→ Problem statement
Once you have read the entries, copy all of them exactly.

━━━ Entries shown ━━━

section \<open>Barrier comparison\<close>

definition capped_parabola :: "real \<Rightarrow> real \<Rightarrow> real \<Rightarrow> real" where
  "capped_parabola lam K s = lam * (K\<^sup>2 - (K - min s K)\<^sup>2)"

lemma capped_parabola_nonneg: "0 \<le> lam \<Longrightarrow> 0 \<le> K \<Longrightarrow> 0 \<le> s \<Longrightarrow> 0 \<le> capped_parabola lam K s"
  unfolding capped_parabola_def by (auto intro!: mult_nonneg_nonneg power_mono)

lemma capped_parabola_zero: "0 \<le> K \<Longrightarrow> capped_parabola lam K 0 = 0"
  by (simp add: capped_parabola_def)

lemma capped_parabola_mono: "0 \<le> lam \<Longrightarrow> s \<le> t \<Longrightarrow> capped_parabola lam K s \<le> capped_parabola lam K t"
  unfolding capped_parabola_def by (auto intro!: mult_left_mono power_mono)

lemma capped_parabola_le_max: "0 \<le> lam \<Longrightarrow> capped_parabola lam K s \<le> lam * K\<^sup>2"
  unfolding capped_parabola_def by (auto intro!: mult_left_mono)

lemma capped_parabola_increment_le:
  assumes "0 \<le> lam" "0 \<le> K" "0 \<le> s" "0 \<le> d"
  shows "capped_parabola lam K (s + d) - capped_parabola lam K s \<le> 2 * lam * K * d"
proof -
  define a b where "a = min s K" and "b = min (s + d) K"
  have "capped_parabola lam K (s + d) - capped_parabola lam K s = lam * ((b - a) * (2 * K - a - b))"
    unfolding capped_parabola_def a_def b_def by (simp add: power2_eq_square algebra_simps)
  also have "\<dots> \<le> lam * (d * (2 * K))"
  proof (rule mult_left_mono[OF mult_mono])
    show "b - a \<le> d" "2 * K - a - b \<le> 2 * K" "0 \<le> 2 * K - a - b"
      using assms by (auto simp: a_def b_def)
  qed (use assms in auto)
  finally show ?thesis by (simp add: algebra_simps)
qed

lemma capped_parabola_le_linear:
  "0 \<le> lam \<Longrightarrow> 0 \<le> K \<Longrightarrow> 0 \<le> s \<Longrightarrow> capped_parabola lam K s \<le> 2 * lam * K * s"
  using capped_parabola_increment_le[of lam K 0 s] by (simp add: capped_parabola_zero)

lemma capped_parabola_ge_linear:
  assumes "0 \<le> lam" "0 \<le> K" "0 \<le> s"
  shows "lam * K * min s K \<le> capped_parabola lam K s"
proof -
  define a where "a = min s K"
  have "0 \<le> a * (K - a)"
    using assms by (simp add: a_def)
  then have "K * a \<le> a * (2 * K - a)"
    by (simp add: algebra_simps)
  also have "\<dots> = K\<^sup>2 - (K - a)\<^sup>2"
    by (simp add: power2_eq_square algebra_simps)
  finally show ?thesis
    using assms(1) by (simp add: capped_parabola_def a_def[symmetric] mult.assoc mult_left_mono)
qed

━━━

→ Completed task
section \<open>Barrier comparison\<close>

definition capped_parabola :: "real \<Rightarrow> real \<Rightarrow> real \<Rightarrow> real" where
  "capped_parabola lam K s = lam * (K\<^sup>2 - (K - min s K)\<^sup>2)"

lemma capped_parabola_nonneg: "0 \<le> lam \<Longrightarrow> 0 \<le> K \<Longrightarrow> 0 \<le> s \<Longrightarrow> 0 \<le> capped_parabola lam K s"
  unfolding capped_parabola_def by (auto intro!: mult_nonneg_nonneg power_mono)

lemma capped_parabola_zero: "0 \<le> K \<Longrightarrow> capped_parabola lam K 0 = 0"
  by (simp add: capped_parabola_def)

lemma capped_parabola_mono: "0 \<le> lam \<Longrightarrow> s \<le> t \<Longrightarrow> capped_parabola lam K s \<le> capped_parabola lam K t"
  unfolding capped_parabola_def by (auto intro!: mult_left_mono power_mono)

lemma capped_parabola_le_max: "0 \<le> lam \<Longrightarrow> capped_parabola lam K s \<le> lam * K\<^sup>2"
  unfolding capped_parabola_def by (auto intro!: mult_left_mono)

lemma capped_parabola_increment_le:
  assumes "0 \<le> lam" "0 \<le> K" "0 \<le> s" "0 \<le> d"
  shows "capped_parabola lam K (s + d) - capped_parabola lam K s \<le> 2 * lam * K * d"
proof -
  define a b where "a = min s K" and "b = min (s + d) K"
  have "capped_parabola lam K (s + d) - capped_parabola lam K s = lam * ((b - a) * (2 * K - a - b))"
    unfolding capped_parabola_def a_def b_def by (simp add: power2_eq_square algebra_simps)
  also have "\<dots> \<le> lam * (d * (2 * K))"
  proof (rule mult_left_mono[OF mult_mono])
    show "b - a \<le> d" "2 * K - a - b \<le> 2 * K" "0 \<le> 2 * K - a - b"
      using assms by (auto simp: a_def b_def)
  qed (use assms in auto)
  finally show ?thesis by (simp add: algebra_simps)
qed

lemma capped_parabola_le_linear:
  "0 \<le> lam \<Longrightarrow> 0 \<le> K \<Longrightarrow> 0 \<le> s \<Longrightarrow> capped_parabola lam K s \<le> 2 * lam * K * s"
  using capped_parabola_increment_le[of lam K 0 s] by (simp add: capped_parabola_zero)

lemma capped_parabola_ge_linear:
  assumes "0 \<le> lam" "0 \<le> K" "0 \<le> s"
  shows "lam * K * min s K \<le> capped_parabola lam K s"
proof -
  define a where "a = min s K"
  have "0 \<le> a * (K - a)"
    using assms by (simp add: a_def)
  then have "K * a \<le> a * (2 * K - a)"
    by (simp add: algebra_simps)
  also have "\<dots> = K\<^sup>2 - (K - a)\<^sup>2"
    by (simp add: power2_eq_square algebra_simps)
  finally show ?thesis
    using assms(1) by (simp add: capped_parabola_def a_def[symmetric] mult.assoc mult_left_mono)
qed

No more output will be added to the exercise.